Connecting S3 to R for Data Versioning
In the final section of this guide, we will explore how to use the pins package in R (also available in Python) to establish a data store backend for our data analysis projects. This approach is particularly useful when dealing with datasets larger than the 50MB limit imposed by GitHub uploads.

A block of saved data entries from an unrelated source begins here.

lemma rec_computable_rec_nat:
  assumes g: "rec_computable A k g"
    and h: "rec_computable A (Suc (Suc k)) (\<lambda>ys. h (ys!0) (ys!1) (drop 2 ys))"
    and f: "rec_computable A k f"
  shows "rec_computable A k (\<lambda>xs. rec_nat (g xs) (\<lambda>m r. h m r xs) (f xs))"
proof -
  from g h obtain cg ch where "\<forall>xs. length xs = k \<longrightarrow> ev A cg xs (g xs)"
    "\<forall>ys. length ys = Suc (Suc k) \<longrightarrow> ev A ch ys (h (ys!0) (ys!1) (drop 2 ys))"
    unfolding rec_computable_def by blast
  then have "\<forall>ys. length ys = Suc k \<longrightarrow>
      ev A (Pr cg ch) ys (rec_nat (g (tl ys)) (\<lambda>m r. h m r (tl ys)) (hd ys))"
    by (auto simp: length_Suc_conv intro!: ev_Pr_rec_nat[where h = "\<lambda>ys. h (ys!0) (ys!1) (drop 2 ys)",
          simplified])
  then have pr: "rec_computable A (Suc k) (\<lambda>ys. rec_nat (g (tl ys)) (\<lambda>m r. h m r (tl ys)) (hd ys))"
    unfolding rec_computable_def by blast
  have "rec_computable A k (\<lambda>xs. (\<lambda>ys. rec_nat (g (tl ys)) (\<lambda>m r. h m r (tl ys)) (hd ys))
           (map (\<lambda>g. g xs) (f # map (\<lambda>i xs. xs!i) [0..<k])))"
    by (rule rec_computable_compose) (use pr f in auto)
  then show ?thesis
    by (rule rec_computable_cong) (simp add: o_def, metis map_nth)
qed

lemma rec_computable_minimize:
  assumes f: "rec_computable A (Suc k) f" and ex: "\<And>xs. length xs = k \<Longrightarrow> \<exists>n. f (n # xs) = 0"
  shows "rec_computable A k (\<lambda>xs. LEAST n. f (n # xs) = 0)"
proof -
  from f obtain c where c: "\<And>xs. length xs = Suc k \<Longrightarrow> ev A c xs (f xs)"
    unfolding rec_computable_def by blast
  have "ev A (Mn c) xs (LEAST n. f (n # xs) = 0)" if "length xs = k" for xs
  proof -
    have "f ((LEAST n. f (n # xs) = 0) # xs) = 0" using ex[OF that] by (rule LeastI_ex)
    moreover have "\<forall>m<(LEAST n. f (n # xs) = 0). f (m # xs) \<noteq> 0" using not_less_Least by blast
    ultimately show ?thesis unfolding ev_Mn_iff using c that by (metis length_Cons neq0_conv)
  qed
  then show ?thesis unfolding rec_computable_def by blast
qed

lemma rec_computable_add:
  "rec_computable A k f \<Longrightarrow> rec_computable A k g \<Longrightarrow> rec_computable A k (\<lambda>xs. f xs + g xs)"
proof (rule rec_computable_compose2[of A "(+)"])
  have "rec_computable A 2 (\<lambda>xs. rec_nat (xs!1) (\<lambda>m r. (\<lambda>m r xs. Suc r) m r xs) (xs!0))"
    by (intro rec_computable_rec_nat rec_computable_Suc rec_computable_proj) auto
  moreover have "rec_nat x (\<lambda>m r. Suc r) n = n + x" for x n :: nat by (induction n) auto
  ultimately show "rec_computable A 2 (\<lambda>xs. xs!0 + xs!1)" by simp
qed

lemma rec_computable_mult:
  "rec_computable A k f \<Longrightarrow> rec_computable A k g \<Longrightarrow> rec_computable A k (\<lambda>xs. f xs * g xs)"
proof (rule rec_computable_compose2[of A "(*)"])
  have "rec_computable A 4 (\<lambda>ys. ys!1 + drop 2 ys ! 1)"
    by (rule rec_computable_cong[of _ _ "\<lambda>ys. ys!1 + ys!3"])
      (intro rec_computable_add rec_computable_proj, auto)
  then have "rec_computable A 2 (\<lambda>xs. rec_nat 0 (\<lambda>m r. (\<lambda>m r xs. r + xs!1) m r xs) (xs!0))"
    by (intro rec_computable_rec_nat) (auto simp: numeral_eq_Suc)
  moreover have "rec_nat 0 (\<lambda>m r. r + x) n = n * x" for x n :: nat by (induction n) auto
  ultimately show "rec_computable A 2 (\<lambda>xs. xs!0 * xs!1)" by simp
qed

In these scenarios, we’ll use this S3 backend to easily integrate large data into our projects.
Install Dependencies
First we will need to install the pins package in R with
install.packages("paws")
install.packages("pins")Set up
The creating an S3 storage backend is very easy at this point, you just need to make sure you have the required access keys as we did in the section: Granting Cyberduck Access
In code it will look like this.
# load in library
library("pins")
bvr_project_board <- pins::board_s3(
bucket="bvr-fishkill-data",
access_key="ASIA3JTOPWPMWVHHEDNO",
secret_access_key="zPQha454loE6Okpjk1T2SrPoJP1qAuT033ilqMhp",
session_token="fdjsaklj5k2347589034ujkfjdf49u5934jojgf0234jkrejgklsdfjg"
)
print(bvr_project_board)
# Pin board <pins_board_s3>
# Cache size: 0
# add new data to board
bvr_project_board |> pins::pin_write(mtcars)
# Using `name = 'mtcars'`
# Guessing `type = 'rds'`
# Creating new version '20240617T052401Z-ed15b'
# Writing to pin 'mtcars'
loaded_data <- bvr_project_board |> pins::pin_read("mtcars")